*** Data shown ***
(* Let $\Omega\subset\mathbb{R}^m$ be open, bounded and connected, with boundary $\partial\Omega$ and unit normal $\boldsymbol{n}$. Let $p_0$ be a probability density on $\Omega$, let $\sigma(x,t)$ be a (diffusion) coefficient, and let $\alpha(x,t)$ be a design coefficient with $\inf_{x\in\Omega,t\ge0}\alpha(x,t)>0$ and $\sup_{x\in\Omega,t\ge0}\alpha(x,t)<\infty$. Let $(p_{\mathrm r},v_{\mathrm r})$ be a reference density and velocity field satisfying $$\partial_t p_{\mathrm r}=-\nabla\cdot(v_{\mathrm r}p_{\mathrm r})\ \text{in }\Omega\times(0,\infty),\qquad p_{\mathrm r}=p_0\ \text{on }\Omega\times\{0\},\qquad v_{\mathrm r}p_{\mathrm r}\cdot\boldsymbol{n}=0\ \text{on }\partial\Omega\times(0,\infty).$$ Consider the Fokker–Planck system $$\partial_t p=-\nabla\cdot(vp)+\Delta(\sigma p)\ \text{in }\Omega\times(0,\infty),\qquad p=p_0\ \text{on }\Omega\times\{0\},\qquad \boldsymbol{n}\cdot(\nabla(\sigma p)-vp)=0\ \text{on }\partial\Omega\times(0,\infty),$$ with the feedback law $$v=-\frac{\alpha(x,t)\nabla(p-p_{\mathrm r})-\nabla(\sigma p)-v_{\mathrm r}p_{\mathrm r}}{p}.$$ If the solution satisfies $p>0$, then the tracking error $\Phi:=p-p_{\mathrm r}$ satisfies $\|\Phi(\cdot,t)\|_{L^2(\Omega)}\to0$ exponentially as $t\to\infty$.
   Context: $p(x,t)$ models the density of a robotic swarm whose members follow $dX_i=v(X_i,t)dt+\sqrt{2\sigma(X_i,t)}\,dB_t$; $\nabla\cdot$ denotes divergence and $\Delta$ the Laplacian in $x$. $L^2(\Omega)$ is the usual Lebesgue space with norm $\|f\|_{L^2(\Omega)}=(\int_\Omega|f|^2dx)^{1/2}$. *)

theory Defs
  imports "HOL-Analysis.Analysis"
begin

definition grad :: "('a::euclidean_space \<Rightarrow> real) \<Rightarrow> 'a \<Rightarrow> 'a" where
  "grad f x = (\<Sum>i\<in>Basis. frechet_derivative f (at x) i *\<^sub>R i)"

definition divg :: "('a::euclidean_space \<Rightarrow> 'a) \<Rightarrow> 'a \<Rightarrow> real" where
  "divg F x = (\<Sum>i\<in>Basis. frechet_derivative F (at x) i \<bullet> i)"

definition lap :: "('a::euclidean_space \<Rightarrow> real) \<Rightarrow> 'a \<Rightarrow> real" where
  "lap f x = divg (grad f) x"

definition C1_on :: "('a::real_normed_vector \<Rightarrow> 'b::real_normed_vector) \<Rightarrow> 'a set \<Rightarrow> bool" where
  "C1_on f S \<longleftrightarrow> (\<forall>z\<in>S. f differentiable (at z)) \<and>
     (\<forall>h. continuous_on S (\<lambda>z. frechet_derivative f (at z) h))"

text \<open>A bounded C^1 domain given by a global C^1 defining function g:
  Omega = {g < 0}, with nonvanishing gradient on {g = 0}; unit outward normal grad g / |grad g|.\<close>

definition C1_domain :: "'a::euclidean_space set \<Rightarrow> ('a \<Rightarrow> real) \<Rightarrow> bool" where
  "C1_domain \<Omega> g \<longleftrightarrow> C1_on g UNIV \<and> \<Omega> = {x. g x < 0} \<and> (\<forall>x. g x = 0 \<longrightarrow> grad g x \<noteq> 0)"

definition unit_normal :: "('a::euclidean_space \<Rightarrow> real) \<Rightarrow> 'a \<Rightarrow> 'a" where
  "unit_normal g x = grad g x /\<^sub>R norm (grad g x)"

definition unc :: "('a \<Rightarrow> real \<Rightarrow> 'b) \<Rightarrow> 'a \<times> real \<Rightarrow> 'b" where
  "unc f z = f (fst z) (snd z)"

definition L2norm :: "'a::euclidean_space set \<Rightarrow> ('a \<Rightarrow> real) \<Rightarrow> real" where
  "L2norm \<Omega> f = sqrt (integral \<Omega> (\<lambda>x. (f x)\<^sup>2))"

end

theory Submission
  imports Defs
begin

text \<open>Subtracting the equation of the reference pair from the closed-loop Fokker--Planck
  equation, the feedback law cancels both the drift and the diffusion of the swarm: the tracking
  error \<open>\<Phi> = p - p\<^sub>r\<close> solves the linear Neumann problem \<open>\<Phi>\<^sub>t = \<nabla>\<cdot>(\<alpha> \<nabla>\<Phi>)\<close> in \<open>\<Omega>\<close>,
  \<open>\<nabla>\<Phi> \<cdot> \<nabla>g = 0\<close> on \<open>\<partial>\<Omega>\<close>, and \<open>\<Phi>(\<cdot>, 0) = 0\<close> because both densities start from \<open>p\<^sub>0\<close>.
  A weak maximum principle for this problem, applied to \<open>\<Phi>\<close> and \<open>-\<Phi>\<close>, gives \<open>\<Phi> = 0\<close>, so the
  exponential bound holds with \<open>C = 0\<close>.

  The maximum principle is proved by perturbation: for \<open>\<epsilon> > 0\<close> the function
  \<open>\<Phi> - \<epsilon> k - \<epsilon> M (t - \<tau>)\<close> cannot attain its maximum over \<open>closure \<Omega> \<times> [\<tau>, T]\<close> at a time
  \<open>t > \<tau>\<close>, neither in the interior (second-derivative test for the divergence-form operator) nor
  on the boundary, where the barrier \<open>k\<close> increases in the outward direction \<open>\<nabla>g\<close>; then let
  \<open>\<epsilon> \<rightarrow> 0\<close> and \<open>\<tau> \<rightarrow> 0\<close>. Since \<open>g\<close> is only \<open>C\<^sup>1\<close>, the barrier is a mollification of \<open>g\<close>.\<close>

lemma grad_eqI:
  fixes f :: "'a::euclidean_space \<Rightarrow> real"
  assumes "(f has_derivative (\<lambda>v. G \<bullet> v)) (at x)"
  shows "grad f x = G"
  using frechet_derivative_at[OF assms, symmetric] by (simp add: grad_def euclidean_representation)

lemma has_derivative_grad:
  fixes f :: "'a::euclidean_space \<Rightarrow> real"
  assumes "f differentiable (at x)"
  shows "(f has_derivative (\<lambda>v. grad f x \<bullet> v)) (at x)"
proof -
  let ?f' = "frechet_derivative f (at x)"
  have f': "(f has_derivative ?f') (at x)"
    using assms frechet_derivative_works by blast
  have "?f' v = grad f x \<bullet> v" for v
  proof -
    have "?f' v = ?f' (\<Sum>i\<in>Basis. (v \<bullet> i) *\<^sub>R i)"
      by (simp add: euclidean_representation)
    also have "\<dots> = (\<Sum>i\<in>Basis. (v \<bullet> i) * ?f' i)"
      using has_derivative_linear[OF f'] by (simp add: linear_sum linear.scaleR)
    also have "\<dots> = grad f x \<bullet> v"
      by (simp add: grad_def inner_sum_right inner_commute mult.commute)
    finally show ?thesis .
  qed
  then have "?f' = (\<lambda>v. grad f x \<bullet> v)"
    by auto
  with f' show ?thesis
    by simp
qed

lemma grad_diff:
  fixes f g :: "'a::euclidean_space \<Rightarrow> real"
  assumes "f differentiable (at x)" "g differentiable (at x)"
  shows "grad (\<lambda>y. f y - g y) x = grad f x - grad g x"
  using has_derivative_diff[OF assms[THEN has_derivative_grad]]
  by (intro grad_eqI) (simp add: inner_diff_left)

lemma grad_minus:
  fixes f :: "'a::euclidean_space \<Rightarrow> real"
  assumes "f differentiable (at x)"
  shows "grad (\<lambda>y. - f y) x = - grad f x"
  using has_derivative_minus[OF assms[THEN has_derivative_grad]] by (intro grad_eqI) simp

lemma grad_mult:
  fixes f g :: "'a::euclidean_space \<Rightarrow> real"
  assumes "f differentiable (at x)" "g differentiable (at x)"
  shows "grad (\<lambda>y. f y * g y) x = f x *\<^sub>R grad g x + g x *\<^sub>R grad f x"
  using has_derivative_mult[OF assms[THEN has_derivative_grad]]
  by (intro grad_eqI) (simp add: inner_add_left algebra_simps)

lemma divg_eq:
  assumes "(F has_derivative F') (at x)"
  shows "divg F x = (\<Sum>i\<in>Basis. F' i \<bullet> i)"
  using frechet_derivative_at[OF assms] by (simp add: divg_def)

lemma divg_cong_open:
  assumes "open S" "x \<in> S" "\<And>y. y \<in> S \<Longrightarrow> F y = F' y"
  shows "divg F x = divg F' x"
proof -
  have "(F has_derivative D) (at x) \<longleftrightarrow> (F' has_derivative D) (at x)" for D
    using has_derivative_transform_within_open[of F D x UNIV S F']
      has_derivative_transform_within_open[of F' D x UNIV S F] assms by auto
  then show ?thesis
    by (simp add: divg_def frechet_derivative_def)
qed

lemma divg_add:
  assumes "F differentiable (at x)" "G differentiable (at x)"
  shows "divg (\<lambda>y. F y + G y) x = divg F x + divg G x"
proof -
  obtain F' G' where F': "(F has_derivative F') (at x)" and G': "(G has_derivative G') (at x)"
    using assms by (auto simp: differentiable_def)
  show ?thesis
    using divg_eq[OF has_derivative_add[OF F' G']] divg_eq[OF F'] divg_eq[OF G']
    by (simp add: inner_add_left sum.distrib)
qed

lemma divg_minus:
  assumes "F differentiable (at x)"
  shows "divg (\<lambda>y. - F y) x = - divg F x"
proof -
  obtain F' where F': "(F has_derivative F') (at x)"
    using assms by (auto simp: differentiable_def)
  show ?thesis
    using divg_eq[OF has_derivative_minus[OF F']] divg_eq[OF F'] by (simp add: sum_negf)
qed
lemma sum_lessThan_Suc_split01:
  fixes f :: "nat \<Rightarrow> real"
  assumes "n \<ge> 1"
  shows "(\<Sum>b<n+1. f b) = f 0 + f 1 + (\<Sum>b\<in>{2..n}. f b)"
proof -
  have "{..<n+1} = {0,1} \<union> {2..n}" using assms by auto
  then show ?thesis by (simp add: sum.union_disjoint)
qed

subsection \<open>Conjugation and powers of matrices\<close>

lemma conj_mult_mat:
  fixes g h A B :: "real mat"
  assumes g: "g \<in> carrier_mat m m" and h: "h \<in> carrier_mat m m" and A: "A \<in> carrier_mat m m"
    and B: "B \<in> carrier_mat m m" and hg: "h * g = 1\<^sub>m m"
  shows "(g * A * h) * (g * B * h) = g * (A * B) * h"
proof -
  have "(g * A * h) * (g * B * h) = g * A * ((h * g) * B * h)"
    using g h A B by (simp add: assoc_mult_mat[of _ m m _ m _ m])
  also have "\<dots> = g * (A * B) * h"
    unfolding hg using g h A B by (simp add: assoc_mult_mat[of _ m m _ m _ m])
  finally show ?thesis .
qed

lemma conj_cancel_mat:
  fixes g h A :: "real mat"
  assumes g: "g \<in> carrier_mat m m" and h: "h \<in> carrier_mat m m" and A: "A \<in> carrier_mat m m"
    and gh: "g * h = 1\<^sub>m m"
  shows "g * (h * A * g) * h = A"
proof -
  have "g * (h * A * g) * h = (g * h) * A * (g * h)"
    using g h A by (simp add: assoc_mult_mat[of _ m m _ m _ m])
  then show ?thesis using gh A by simp
qed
*** End of Data shown ***
**Task brief:** Return all lines from the data above with "auto" in them.

**Output below:**
    by auto
      has_derivative_transform_within_open[of F' D x UNIV S F] assms by auto
    using assms by (auto simp: differentiable_def)
    using assms by (auto simp: differentiable_def)
  have "{..<n+1} = {0,1} \<union> {2..n}" using assms by auto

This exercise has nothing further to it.